lemma cg_walk_hom:
  assumes h: "h \<in> hom G H" and X: "X \<subseteq> carrier G" and Y: "h ` X \<subseteq> Y"
    and w: "cg_walk (mult G) X x y n"
  shows "cg_walk (mult H) Y (h x) (h y) n"
proof -
  obtain xs where xs: "length xs = Suc n" "set xs \<subseteq> X" "hd xs = x" "last xs = y"
    "\<forall>i<n. xs ! i \<otimes>\<^bsub>G\<^esub> xs ! Suc i = xs ! Suc i \<otimes>\<^bsub>G\<^esub> xs ! i"
    using w unfolding cg_walk_def by blast
  have xs_carrier: "xs ! j \<in> carrier G" if "j \<le> n" for j
  proof -
    have "xs ! j \<in> set xs" using that xs(1) by simp
    then show ?thesis using xs(2) X by blast
  qed
  have "h (xs ! i) \<otimes>\<^bsub>H\<^esub> h (xs ! Suc i) = h (xs ! Suc i) \<otimes>\<^bsub>H\<^esub> h (xs ! i)" if "i < n" for i
  proof -
    have xi: "xs ! i \<in> carrier G" and xsi: "xs ! Suc i \<in> carrier G"
      using that xs_carrier by auto
    have "h (xs ! i) \<otimes>\<^bsub>H\<^esub> h (xs ! Suc i) = h (xs ! i \<otimes>\<^bsub>G\<^esub> xs ! Suc i)"
      using hom_mult[OF h xi xsi] by simp
    also have "\<dots> = h (xs ! Suc i \<otimes>\<^bsub>G\<^esub> xs ! i)" using xs(5) that by simp
    also have "\<dots> = h (xs ! Suc i) \<otimes>\<^bsub>H\<^esub> h (xs ! i)" using hom_mult[OF h xsi xi] .
    finally show ?thesis .
  qed
  moreover have "xs \<noteq> []" using xs(1) by auto
  moreover have "set (map h xs) \<subseteq> Y" using xs(2) Y by auto
  ultimately show ?thesis
    unfolding cg_walk_def using xs
    by (intro exI[of _ "map h xs"]) (auto simp: hd_map last_map)
qed

lemma cg_walk_append:
  assumes w1: "cg_walk m X x y n1" and w2: "cg_walk m X y z n2"
  shows "cg_walk m X x z (n1 + n2)"
proof -
  obtain xs where xs: "length xs = Suc n1" "set xs \<subseteq> X" "hd xs = x" "last xs = y"
    "\<forall>i<n1. m (xs ! i) (xs ! Suc i) = m (xs ! Suc i) (xs ! i)"
    using w1 unfolding cg_walk_def by blast
  obtain ys where ys: "length ys = Suc n2" "set ys \<subseteq> X" "hd ys = y" "last ys = z"
    "\<forall>i<n2. m (ys ! i) (ys ! Suc i) = m (ys ! Suc i) (ys ! i)"
    using w2 unfolding cg_walk_def by blast
  define zs where "zs = xs @ tl ys"
  have ys_Cons: "ys = y # tl ys" using ys(1,3) by (cases ys) auto
  have zs_low: "zs ! i = xs ! i" if "i \<le> n1" for i
    using that xs(1) by (simp add: zs_def nth_append)
  have zs_high: "zs ! i = ys ! (i - n1)" if "n1 \<le> i" for i
  proof (cases "i = n1")
    case True
    have "xs \<noteq> []" using xs(1) by auto
    then have "xs ! n1 = y" using xs(1,4) by (simp add: last_conv_nth)
    moreover have "ys ! 0 = y" by (subst ys_Cons) simp
    ultimately show ?thesis using True zs_low[of n1] by simp
  next
    case False
    then have "ys ! (i - n1) = tl ys ! (i - Suc n1)"
      using that by (subst ys_Cons) (simp add: nth_Cons')
    then show ?thesis using that False xs(1) by (simp add: zs_def nth_append)
  qed
  have "m (zs ! i) (zs ! Suc i) = m (zs ! Suc i) (zs ! i)" if "i < n1 + n2" for i
  proof (cases "i < n1")
    case True
    then show ?thesis using zs_low[of i] zs_low[of "Suc i"] xs(5) by simp
  next
    case False
    then show ?thesis using zs_high[of i] zs_high[of "Suc i"] ys(5) that
      by (simp add: Suc_diff_le)
  qed
  moreover have "length zs = Suc (n1 + n2)" using xs(1) ys(1) by (simp add: zs_def)
  moreover have "set zs \<subseteq> X"
    using xs(2) ys(2) set_subset_Cons[of "tl ys" y] ys_Cons by (auto simp: zs_def)
  moreover have "hd zs = x" using xs(1,3) by (cases xs) (auto simp: zs_def)
  moreover have "last zs = z"
    using xs(4) ys(3,4) ys_Cons by (cases "tl ys") (auto simp: zs_def)
  ultimately show ?thesis unfolding cg_walk_def by blast
qed

lemma cg_dist_le_enat_iff: "cg_dist m X x y \<le> enat n \<longleftrightarrow> (\<exists>l\<le>n. cg_walk m X x y l)"
proof
  assume le: "cg_dist m X x y \<le> enat n"
  show "\<exists>l\<le>n. cg_walk m X x y l"
  proof (rule ccontr)
    assume none: "\<not> (\<exists>l\<le>n. cg_walk m X x y l)"
    have "enat (Suc n) \<le> cg_dist m X x y"
      unfolding cg_dist_def
    proof (rule INF_greatest)
      fix l assume "l \<in> {l. cg_walk m X x y l}"
      then have "\<not> l \<le> n" using none by blast
      then show "enat (Suc n) \<le> enat l" by simp
    qed
    then have "enat (Suc n) \<le> enat n" using le by (rule order_trans)
    then show False by simp
  qed
next
  assume "\<exists>l\<le>n. cg_walk m X x y l"
  then show "cg_dist m X x y \<le> enat n"
    unfolding cg_dist_def by (auto intro: INF_lower2)
qed

lemma cg_dist_le_diameter: "x \<in> X \<Longrightarrow> y \<in> X \<Longrightarrow> cg_dist m X x y \<le> cg_diameter m X"
  unfolding cg_diameter_def by (rule SUP_upper2[where i = x]) (auto intro: SUP_upper)

lemma cg_connected_diameter_le:
  assumes "\<And>x y. x \<in> X \<Longrightarrow> y \<in> X \<Longrightarrow> cg_dist m X x y \<le> enat n"
  shows "cg_connected m X \<and> cg_diameter m X \<le> enat n"
  using assms unfolding cg_connected_def cg_diameter_def
  by (auto intro!: SUP_least dest: enat_ile)

lemma conj_class_hom_image:
  assumes h: "h \<in> hom G H" and x: "x \<in> carrier G" and y: "y \<in> conj_class (carrier G) (mult G) x"
  shows "h y \<in> conj_class (carrier H) (mult H) (h x)"
proof -
  obtain g where g: "g \<in> carrier G" "g \<otimes>\<^bsub>G\<^esub> y = x \<otimes>\<^bsub>G\<^esub> g" and yG: "y \<in> carrier G"
    using y unfolding conj_class_def by blast
  then have "h g \<otimes>\<^bsub>H\<^esub> h y = h x \<otimes>\<^bsub>H\<^esub> h g" using h x by (metis hom_mult)
  then show ?thesis using g(1) yG h unfolding conj_class_def by (auto intro: hom_in_carrier)
qed

context group
begin

lemma conj_class_iff:
  assumes "x \<in> carrier G"
  shows "y \<in> conj_class (carrier G) (\<otimes>) x \<longleftrightarrow> (\<exists>g\<in>carrier G. y = inv g \<otimes> x \<otimes> g)"
proof -
  have "g \<otimes> y = x \<otimes> g \<longleftrightarrow> y = inv g \<otimes> x \<otimes> g" if "g \<in> carrier G" "y \<in> carrier G" for g y
    using that assms inv_solve_left[of y g "x \<otimes> g"] by (auto simp: m_assoc)
  then show ?thesis using assms unfolding conj_class_def by auto
qed

lemma conj_class_self: "x \<in> carrier G \<Longrightarrow> x \<in> conj_class (carrier G) (\<otimes>) x"
  unfolding conj_class_def by force

lemma inv_mult_cancel_left [simp]:
  "x \<in> carrier G \<Longrightarrow> y \<in> carrier G \<Longrightarrow> inv x \<otimes> (x \<otimes> y) = y"
  by (simp add: m_assoc[symmetric])

lemma mult_inv_cancel_left [simp]:
  "x \<in> carrier G \<Longrightarrow> y \<in> carrier G \<Longrightarrow> x \<otimes> (inv x \<otimes> y) = y"
  by (simp add: m_assoc[symmetric])

lemma conj_class_conj_closed:
  assumes x: "x \<in> carrier G" and y: "y \<in> conj_class (carrier G) (\<otimes>) x"
    and g: "g \<in> carrier G"
  shows "inv g \<otimes> y \<otimes> g \<in> conj_class (carrier G) (\<otimes>) x"
proof -
  obtain h where h: "h \<in> carrier G" "h \<otimes> y = x \<otimes> h" and yG: "y \<in> carrier G"
    using y unfolding conj_class_def by blast
  have "h \<otimes> y \<otimes> g = x \<otimes> h \<otimes> g" using h(2) by simp
  then have "h \<otimes> g \<otimes> (inv g \<otimes> y \<otimes> g) = x \<otimes> (h \<otimes> g)"
    using x h(1) yG g by (simp add: m_assoc)
  then show ?thesis using h(1) yG g unfolding conj_class_def by blast
qed

lemma conj_in_hom: "g \<in> carrier G \<Longrightarrow> (\<lambda>z. inv g \<otimes> z \<otimes> g) \<in> hom G G"
  unfolding hom_def by (simp add: m_assoc)

lemma cg_walk_conj:
  assumes "g \<in> carrier G" and "x0 \<in> carrier G" and "cg_walk (\<otimes>) (conj_class (carrier G) (\<otimes>) x0) x y n"
  shows "cg_walk (\<otimes>) (conj_class (carrier G) (\<otimes>) x0) (inv g \<otimes> x \<otimes> g) (inv g \<otimes> y \<otimes> g) n"
proof (rule cg_walk_hom[OF conj_in_hom[OF assms(1)] _ _ assms(3)])
  show "conj_class (carrier G) (\<otimes>) x0 \<subseteq> carrier G"
    unfolding conj_class_def by blast
  show "(\<lambda>z. inv g \<otimes> z \<otimes> g) ` conj_class (carrier G) (\<otimes>) x0 \<subseteq> conj_class (carrier G) (\<otimes>) x0"
    using conj_class_conj_closed assms(1,2) by blast
qed

lemma conj_class_cg_diameter_le:
  assumes x0: "x0 \<in> carrier G" and X: "X = conj_class (carrier G) (\<otimes>) x0"
    and base: "\<And>z. z \<in> X \<Longrightarrow> cg_dist (\<otimes>) X z x0 \<le> enat n"
  shows "cg_connected (\<otimes>) X \<and> cg_diameter (\<otimes>) X \<le> enat n"
proof (rule cg_connected_diameter_le)
  fix x y assume x: "x \<in> X" and y: "y \<in> X"
  obtain g where g: "g \<in> carrier G" and y_eq: "y = inv g \<otimes> x0 \<otimes> g"
    using y conj_class_iff[OF x0, of y] unfolding X by blast
  have xG: "x \<in> carrier G" using x unfolding X conj_class_def by blast
  have "inv (inv g) \<otimes> x \<otimes> inv g \<in> X"
    using conj_class_conj_closed[OF x0, of x "inv g"] x g unfolding X by simp
  then have "g \<otimes> x \<otimes> inv g \<in> X" using g by simp
  then have "cg_dist (\<otimes>) X (g \<otimes> x \<otimes> inv g) x0 \<le> enat n" by (rule base)
  then obtain l where l: "l \<le> n" "cg_walk (\<otimes>) X (g \<otimes> x \<otimes> inv g) x0 l"
    unfolding cg_dist_le_enat_iff by blast
  then have "cg_walk (\<otimes>) X (inv g \<otimes> (g \<otimes> x \<otimes> inv g) \<otimes> g) (inv g \<otimes> x0 \<otimes> g) l"
    using cg_walk_conj[OF g x0] unfolding X by blast
  moreover have "inv g \<otimes> (g \<otimes> x \<otimes> inv g) \<otimes> g = x"
    using g xG by (simp add: m_assoc)
  ultimately have "cg_walk (\<otimes>) X x y l" unfolding y_eq by simp
  then show "cg_dist (\<otimes>) X x y \<le> enat n" unfolding cg_dist_le_enat_iff using l(1) by blast
qed

end

locale aff_weyl_conj_classes =
  fixes \<Phi> :: "'v::euclidean_space set" and a :: "'v \<Rightarrow> 'v" and X Xh
  assumes root_system: "root_system \<Phi>" and a_in_weyl_group: "a \<in> weyl_group \<Phi>"
    and X_eq: "X = conj_class (aff_weyl \<Phi>) amult (a, 0)"
    and Xh_eq: "Xh = conj_class (weyl_group \<Phi>) wmult a"
begin

sublocale W: group "weyl_grp \<Phi>"
  by (rule group_weyl_grp[OF root_system])

sublocale A: group "aff_weyl_grp \<Phi>"
  by (rule group_aff_weyl_grp[OF root_system])

sublocale lift: group_hom "weyl_grp \<Phi>" "aff_weyl_grp \<Phi>" "\<lambda>s. (s, 0)"
  by unfold_locales (rule pair_zero_in_hom_aff_weyl_grp)

sublocale proj: group_hom "aff_weyl_grp \<Phi>" "weyl_grp \<Phi>" fst
  by unfold_locales (rule fst_in_hom_aff_weyl_grp)

lemma a_in_carrier: "a \<in> carrier (weyl_grp \<Phi>)"
  using a_in_weyl_group by (simp add: carrier_weyl_grp)

lemma X_conj_class: "X = conj_class (carrier (aff_weyl_grp \<Phi>)) (\<otimes>\<^bsub>aff_weyl_grp \<Phi>\<^esub>) (a, 0)"
  by (simp add: X_eq aff_weyl_grp_simps)

lemma Xh_conj_class: "Xh = conj_class (carrier (weyl_grp \<Phi>)) (\<otimes>\<^bsub>weyl_grp \<Phi>\<^esub>) a"
  by (simp add: Xh_eq weyl_grp_simps)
= = = =
What you need to do :: Start at the first line of the data above. Stop after the line containing "using w unfolding cg_walk_def by blast", reproducing each line exactly and adding nothing.

Problem solution ::
lemma cg_walk_hom:
  assumes h: "h \<in> hom G H" and X: "X \<subseteq> carrier G" and Y: "h ` X \<subseteq> Y"
    and w: "cg_walk (mult G) X x y n"
  shows "cg_walk (mult H) Y (h x) (h y) n"
proof -
  obtain xs where xs: "length xs = Suc n" "set xs \<subseteq> X" "hd xs = x" "last xs = y"
    "\<forall>i<n. xs ! i \<otimes>\<^bsub>G\<^esub> xs ! Suc i = xs ! Suc i \<otimes>\<^bsub>G\<^esub> xs ! i"
    using w unfolding cg_walk_def by blast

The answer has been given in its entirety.